(Beginning of Provided material)

(* Let $G$ be a graph and let $p\geq 2$ be an integer. Then $\mathrm{id}^{\leq p}(G) \leq \left\lceil\frac{|E(G)|}{\lfloor p/2\rfloor}\right\rceil + \frac{1}{2}p^2$.
   Context: All graphs are finite and simple. For an oriented graph $D$ and a set $X\subseteq V(D)$, the inversion of $X$ reverses the orientation of every arc with both endvertices in $X$. For an integer $p\ge 2$, a $(\leq p)$-inversion is the inversion of a set of at most $p$ vertices. For a graph $G$, $\mathrm{id}^{\leq p}(G)$ (the $(\leq p)$-inversion diameter) is the maximum, over all ordered pairs $(\vec G_1,\vec G_2)$ of orientations of $G$ (on the same labelled vertex set), of the minimum number of $(\leq p)$-inversions whose successive application transforms $\vec G_1$ into $\vec G_2$; equivalently it is the diameter of the graph whose vertices are the orientations of $G$, two being adjacent iff one $(\leq p)$-inversion transforms one into the other. *)

theory Defs
  imports Complex_Main
begin

definition simple_graph :: "'a set \<Rightarrow> 'a set set \<Rightarrow> bool" where
  "simple_graph V E \<longleftrightarrow> finite V \<and>
     (\<forall>e\<in>E. \<exists>u v. u \<noteq> v \<and> u \<in> V \<and> v \<in> V \<and> e = {u, v})"

definition orientation :: "'a set \<Rightarrow> 'a set set \<Rightarrow> ('a \<times> 'a) set \<Rightarrow> bool" where
  "orientation V E A \<longleftrightarrow>
     (\<forall>u v. (u, v) \<in> A \<longrightarrow> {u, v} \<in> E) \<and>
     (\<forall>u v. {u, v} \<in> E \<longrightarrow> ((u, v) \<in> A \<longleftrightarrow> (v, u) \<notin> A))"
lemma is_interval_Diff_zero: "is_interval X \<Longrightarrow> is_interval (X - {0})"
  unfolding is_interval_def by (metis Diff_iff le_0_eq singletonD singletonI)

lemma ceiling_half_eq_div: "\<lceil>real l / 2\<rceil> = int ((l + 1) div 2)"
proof -
  have "\<lceil>real l / 2\<rceil> = - (- int l div 2)"
    using ceiling_divide_eq_div[where 'a = real, of "int l" 2] by simp
  then show ?thesis by presburger
qed

definition run_length :: "nat set \<Rightarrow> nat \<Rightarrow> nat" where
  "run_length S p = (LEAST d. p + d \<notin> S)"

text \<open>Each maximal run of S is filled from its right end by Pos, Neg, Pos, ...; every other
  position up to one past Max S gets Neg, so that each Pos is a rise (unless it sits at 0) and
  a fall.\<close>
definition alternating_fill :: "nat set \<Rightarrow> nat \<Rightarrow> sign" where
  "alternating_fill S p =
     (if p \<in> S \<and> odd (run_length S p) then Pos else if p \<le> Max S + 1 then Neg else Zer)"

lemma run_length_notin: "p \<notin> S \<Longrightarrow> run_length S p = 0"
  unfolding run_length_def by (rule Least_eq_0) simp

lemma run_length_in:
  assumes "finite S" "p \<in> S"
  shows "run_length S p = Suc (run_length S (Suc p))"
proof -
  obtain n where "\<forall>x\<in>S. x < n" using finite_nat_set_iff_bounded assms(1) by blast
  then have "p + n \<notin> S" by fastforce
  then have "(LEAST d. p + d \<notin> S) = Suc (LEAST d. p + Suc d \<notin> S)"
    by (rule Least_Suc) (simp add: assms(2))
  then show ?thesis unfolding run_length_def by simp
qed

lemma alternating_fill_Pos_in: "alternating_fill S p = Pos \<Longrightarrow> p \<in> S"
  unfolding alternating_fill_def by (auto split: if_splits)
lemma emeasure_singleton_msupp_nonzero:
  fixes m :: "'a::{metric_space, second_countable_topology} measure"
  assumes sets: "sets m = sets borel" and fin: "finite (msupp m)" and "z \<in> msupp m"
  shows "emeasure m {z} \<noteq> 0"
proof -
  obtain d where "d > 0" and d: "\<And>x. x \<in> msupp m \<Longrightarrow> x \<noteq> z \<Longrightarrow> d \<le> dist z x"
    using finite_set_avoid[OF fin, of z] by blast
  have "0 < emeasure m (ball z d)"
    using \<open>z \<in> msupp m\<close> \<open>d > 0\<close> by (simp add: msupp_def)
  also have "\<dots> \<le> emeasure m ({z} \<union> (space m - msupp m))"
  proof (rule emeasure_mono)
    show "ball z d \<subseteq> {z} \<union> (space m - msupp m)"
      using d by (force simp: sets_eq_imp_space_eq[OF sets] not_le[symmetric])
    show "{z} \<union> (space m - msupp m) \<in> sets m"
      using sets fin by (simp add: sets_eq_imp_space_eq[OF sets] borel_closed finite_imp_closed Diff_eq)
  qed
  also have "\<dots> = emeasure m {z}"
    using sets by (intro emeasure_Un_null_set null_sets_compl_msupp fin) simp
  finally show ?thesis by simp
qed

lemma sets_dirac_sum [simp]: "sets (dirac_sum M N a p) = sets M"
  unfolding dirac_sum_def by (simp add: sets.sets_measure_of_eq)

lemma emeasure_dirac_sum:
  fixes p :: "nat \<Rightarrow> 'a"
  assumes "A \<in> sets M"
  shows "emeasure (dirac_sum M N a p) A = (\<Sum>i<N. ennreal (a i) * indicator A (p i))"
proof (rule emeasure_measure_of[OF dirac_sum_def])
  show "countably_additive (sets (dirac_sum M N a p)) (\<lambda>A. \<Sum>i<N. ennreal (a i) * indicator A (p i))"
  proof (rule countably_additiveI)
    fix A :: "nat \<Rightarrow> 'a set" assume "disjoint_family A"
    then show "(\<Sum>n. \<Sum>i<N. ennreal (a i) * indicator (A n) (p i)) =
        (\<Sum>i<N. ennreal (a i) * indicator (\<Union>n. A n) (p i))"
      by (subst suminf_sum) (simp_all add: suminf_indicator del: sum_mult_indicator)
  qed
qed (use assms sets.space_closed in \<open>auto simp: positive_def\<close>)

lemma emeasure_dirac_sum_singleton:
  assumes "inj_on p {..<N}" "i < N" "{p i} \<in> sets M"
  shows "emeasure (dirac_sum M N a p) {p i} = ennreal (a i)"
proof -
  have "(\<Sum>j<N. ennreal (a j) * indicator {p i} (p j)) = (\<Sum>j<N. if j = i then ennreal (a i) else 0)"
    using assms(1,2) by (intro sum.cong) (auto simp: inj_on_eq_iff)
  then show ?thesis
    using assms by (simp add: emeasure_dirac_sum)
qed

lemma dirac_sum_atom:
  assumes "{y} \<in> sets M" "emeasure (dirac_sum M N a p) {y} \<noteq> 0"
  shows "\<exists>j<N. p j = y"
  using assms by (auto simp: emeasure_dirac_sum indicator_def split: if_splits intro: ccontr)

lemma dirac_sum_cong: "(\<And>i. i < N \<Longrightarrow> p i = p' i) \<Longrightarrow> dirac_sum M N a p = dirac_sum M N a p'"
  unfolding dirac_sum_def by (intro arg_cong[where f="measure_of _ _"] ext sum.cong) simp_all

lemma dirac_sum_eqI:
  assumes sets_eq: "sets M = sets M'" and AE: "AE x in M. x \<in> p ` {..<N}" and inj: "inj_on p {..<N}"
    and sets: "\<And>i. i < N \<Longrightarrow> {p i} \<in> sets M"
    and atoms: "\<And>i. i < N \<Longrightarrow> emeasure M {p i} = ennreal (a i)"
  shows "M = dirac_sum M' N a p"
proof (rule measure_eqI)
  fix A assume A: "A \<in> sets M"
  define I where "I = {i\<in>{..<N}. p i \<in> A}"
  have "p ` I = (\<Union>i\<in>I. {p i})" by blast
  also have "\<dots> \<in> sets M"
    using sets by (intro sets.finite_UN) (auto simp: I_def)
  finally have "p ` I \<in> sets M" .
  then have "emeasure M A = emeasure M (p ` I)"
    using AE by (intro emeasure_eq_AE A) (auto simp: I_def)
  also have "\<dots> = (\<Sum>y\<in>p ` I. emeasure M {y})"
    using sets by (intro emeasure_eq_sum_singleton) (auto simp: I_def)
  also have "\<dots> = (\<Sum>i\<in>I. emeasure M {p i})"
    using inj_on_subset[OF inj, of I] by (simp add: sum.reindex I_def subset_eq)
  also have "\<dots> = (\<Sum>i\<in>I. ennreal (a i))"
    by (rule sum.cong[OF refl]) (simp add: I_def atoms)
  also have "\<dots> = (\<Sum>i<N. ennreal (a i) * indicator A (p i))"
    unfolding I_def sum.inter_filter[OF finite_lessThan] by (rule sum.cong) (simp_all split: split_indicator)
  also have "\<dots> = emeasure (dirac_sum M' N a p) A"
    using A sets_eq by (simp add: emeasure_dirac_sum)
  finally show "emeasure M A = emeasure (dirac_sum M' N a p) A" .
qed (simp add: sets_eq)

lemma AE_dirac_sum:
  assumes "p ` {..<N} \<in> sets M"
  shows "AE y in dirac_sum M N a p. y \<in> p ` {..<N}"
proof (rule AE_I')
  show "space (dirac_sum M N a p) - p ` {..<N} \<in> null_sets (dirac_sum M N a p)"
    using assms sets_eq_imp_space_eq[OF sets_dirac_sum[of M N a p]]
    by (auto simp: null_sets_def emeasure_dirac_sum indicator_def)
qed auto

section \<open>Mixtures of measures\<close>

definition mix_measure :: "'a measure \<Rightarrow> 'a measure \<Rightarrow> 'a measure" where
  "mix_measure M1 M2 = measure_of (space M1) (sets M1) (\<lambda>A. (emeasure M1 A + emeasure M2 A) / 2)"

lemma sets_mix_measure [simp]: "sets (mix_measure M1 M2) = sets M1"
  by (simp add: mix_measure_def sets.sets_measure_of_eq)

lemma space_mix_measure [simp]: "space (mix_measure M1 M2) = space M1"
  by (simp add: mix_measure_def sets.space_measure_of_eq)

lemma emeasure_mix_measure:
  assumes sets: "sets M2 = sets M1" and A: "A \<in> sets M1"
  shows "emeasure (mix_measure M1 M2) A = (emeasure M1 A + emeasure M2 A) / 2"
proof (rule emeasure_measure_of[OF mix_measure_def])
  show "countably_additive (sets (mix_measure M1 M2)) (\<lambda>A. (emeasure M1 A + emeasure M2 A) / 2)"
  proof (rule countably_additiveI)
    fix F :: "nat \<Rightarrow> 'a set"
    assume "range F \<subseteq> sets (mix_measure M1 M2)" "disjoint_family F"
    then show "(\<Sum>n. (emeasure M1 (F n) + emeasure M2 (F n)) / 2) =
        (emeasure M1 (\<Union>n. F n) + emeasure M2 (\<Union>n. F n)) / 2"
      using sets by (simp add: suminf_add[symmetric] summableI suminf_emeasure)
  qed
qed (use A sets.space_closed in \<open>auto simp: positive_def\<close>)

lemma ennreal_half_double: "(x + x) / 2 = (x :: ennreal)"
  by (simp add: mult_2_right[symmetric] ennreal_mult_divide_eq)

lemma mix_measure_idem: "mix_measure M M = M"
  by (rule measure_eqI) (simp_all add: emeasure_mix_measure ennreal_half_double)

lemma distr_mix_measure:
  assumes sets: "sets M2 = sets M1" and f: "f \<in> M1 \<rightarrow>\<^sub>M N"
  shows "distr (mix_measure M1 M2) N f = mix_measure (distr M1 N f) (distr M2 N f)"
proof (rule measure_eqI)
  fix A assume "A \<in> sets (distr (mix_measure M1 M2) N f)"
  then have A: "A \<in> sets N" by simp
  have f2: "f \<in> M2 \<rightarrow>\<^sub>M N" and f12: "f \<in> mix_measure M1 M2 \<rightarrow>\<^sub>M N"
    using f measurable_cong_sets[OF sets, of N N] measurable_cong_sets[of "mix_measure M1 M2" M1 N N]
    by simp_all
  have "space M2 = space M1" by (rule sets_eq_imp_space_eq[OF sets])
  then show "emeasure (distr (mix_measure M1 M2) N f) A =
      emeasure (mix_measure (distr M1 N f) (distr M2 N f)) A"
    using A f f2 f12 sets
    by (simp add: emeasure_distr emeasure_mix_measure measurable_sets)
qed simp

lemma prob_space_mix_measure:
  assumes "prob_space M1" "prob_space M2" "sets M2 = sets M1"
  shows "prob_space (mix_measure M1 M2)"
proof
  have "emeasure M2 (space M1) = 1"
    using prob_space.emeasure_space_1[OF assms(2)] sets_eq_imp_space_eq[OF assms(3)] by simp
  then show "emeasure (mix_measure M1 M2) (space (mix_measure M1 M2)) = 1"
    using assms prob_space.emeasure_space_1[OF assms(1)]
    by (simp add: emeasure_mix_measure ennreal_half_double)
qed

section \<open>The path space\<close>

definition ucc_ball :: "(real \<Rightarrow> 'a::metric_space) \<Rightarrow> real \<Rightarrow> real \<Rightarrow> (real \<Rightarrow> 'a) set" where
  "ucc_ball \<gamma> T e = {\<eta>\<in>curves. \<forall>t\<in>{0..T}. dist (\<eta> t) (\<gamma> t) < e}"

(End of Provided material)

**Task to carry out:** Identify every line above with the string "subseteq" in it. Copy those lines.

**Answer:**
   Context: All graphs are finite and simple. For an oriented graph $D$ and a set $X\subseteq V(D)$, the inversion of $X$ reverses the orientation of every arc with both endvertices in $X$. For an integer $p\ge 2$, a $(\leq p)$-inversion is the inversion of a set of at most $p$ vertices. For a graph $G$, $\mathrm{id}^{\leq p}(G)$ (the $(\leq p)$-inversion diameter) is the maximum, over all ordered pairs $(\vec G_1,\vec G_2)$ of orientations of $G$ (on the same labelled vertex set), of the minimum number of $(\leq p)$-inversions whose successive application transforms $\vec G_1$ into $\vec G_2$; equivalently it is the diameter of the graph whose vertices are the orientations of $G$, two being adjacent iff one $(\leq p)$-inversion transforms one into the other. *)
    show "ball z d \<subseteq> {z} \<union> (space m - msupp m)"
    assume "range F \<subseteq> sets (mix_measure M1 M2)" "disjoint_family F"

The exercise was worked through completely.